theorem corollary2:
  fixes X X1 :: "real * real \<Rightarrow> real^3"
    and U U1 :: "(real * real) set"
    and \<alpha> \<alpha>1 :: "real \<Rightarrow> real * real"
    and x x1 :: "real \<Rightarrow> real^3"
    and \<sigma> \<sigma>1 \<phi> :: "real \<Rightarrow> real"
    and I I1 :: "real set"
    and lam :: real
  assumes "regular_patch X U" and "orthogonal_patch X U"
    and "regular_patch X1 U1" and "orthogonal_patch X1 U1"
    and "curve_on_patch X U \<alpha> I x \<sigma>"
    and "curve_on_patch X1 U1 \<alpha>1 I1 x1 \<sigma>1"
    and "bertrand_D_pair x (\<lambda>s. unit_normal X (\<alpha> s)) I
                         x1 (\<lambda>s. unit_normal X1 (\<alpha>1 s)) I1 \<phi> lam"
    and "s \<in> I"
  shows "(deriv \<sigma> s + kg_ucurve X (\<alpha> s) * cos (\<sigma> s) + kg_vcurve X (\<alpha> s) * sin (\<sigma> s))
       - (deriv \<sigma>1 (\<phi> s) + kg_ucurve X1 (\<alpha>1 (\<phi> s)) * cos (\<sigma>1 (\<phi> s))
                           + kg_vcurve X1 (\<alpha>1 (\<phi> s)) * sin (\<sigma>1 (\<phi> s)))
       = lam * ((deriv \<sigma> s + kg_ucurve X (\<alpha> s) * cos (\<sigma> s) + kg_vcurve X (\<alpha> s) * sin (\<sigma> s))
              * (deriv \<sigma>1 (\<phi> s) + kg_ucurve X1 (\<alpha>1 (\<phi> s)) * cos (\<sigma>1 (\<phi> s))
                                  + kg_vcurve X1 (\<alpha>1 (\<phi> s)) * sin (\<sigma>1 (\<phi> s)))
              - geodesic_torsion x (\<lambda>s. unit_normal X (\<alpha> s)) s
                * geodesic_torsion x1 (\<lambda>s. unit_normal X1 (\<alpha>1 s)) (\<phi> s))"
proof -
  note rp = assms(1) and op = assms(2) and rp1 = assms(3) and op1 = assms(4)
    and cp = assms(5) and cp1 = assms(6) and bp = assms(7) and s = assms(8)
  have s1: "\<phi> s \<in> I1"
    using bp s unfolding bertrand_D_pair_def by (meson bij_betwE)
  have curve: "open I" "norm (tangent x s) = 1" "tangent x differentiable (at s)"
    using cp s unfolding curve_on_patch_def by blast+
  have curve1: "open I1" "x1 differentiable (at (\<phi> s))" "norm (tangent x1 (\<phi> s)) = 1"
      "tangent x1 differentiable (at (\<phi> s))"
    using cp1 s1 unfolding curve_on_patch_def by blast+
  from bertrand_D_pair_curvature_relation[OF bp curve(1) s curve1(1,2) curve(3) curve1(4)
      curve_on_patch_darboux_frame(4)[OF rp1 op1 cp1 s1]
      curve_on_patch_darboux_frame(3)[OF rp1 op1 cp1] curve(2)
      curve_on_patch_darboux_frame(2)[OF rp op cp s]
      curve_on_patch_darboux_frame(1)[OF rp1 op1 cp1 s1] curve1(3)
      curve_on_patch_darboux_frame(2)[OF rp1 op1 cp1 s1]]
  show ?thesis
    unfolding liouville_formula[OF rp op cp s] liouville_formula[OF rp1 op1 cp1 s1] .
qed

end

What is required ▸
Working through the listing above, count every line that holds "assms" and answer with the count alone.

Task result ▸
2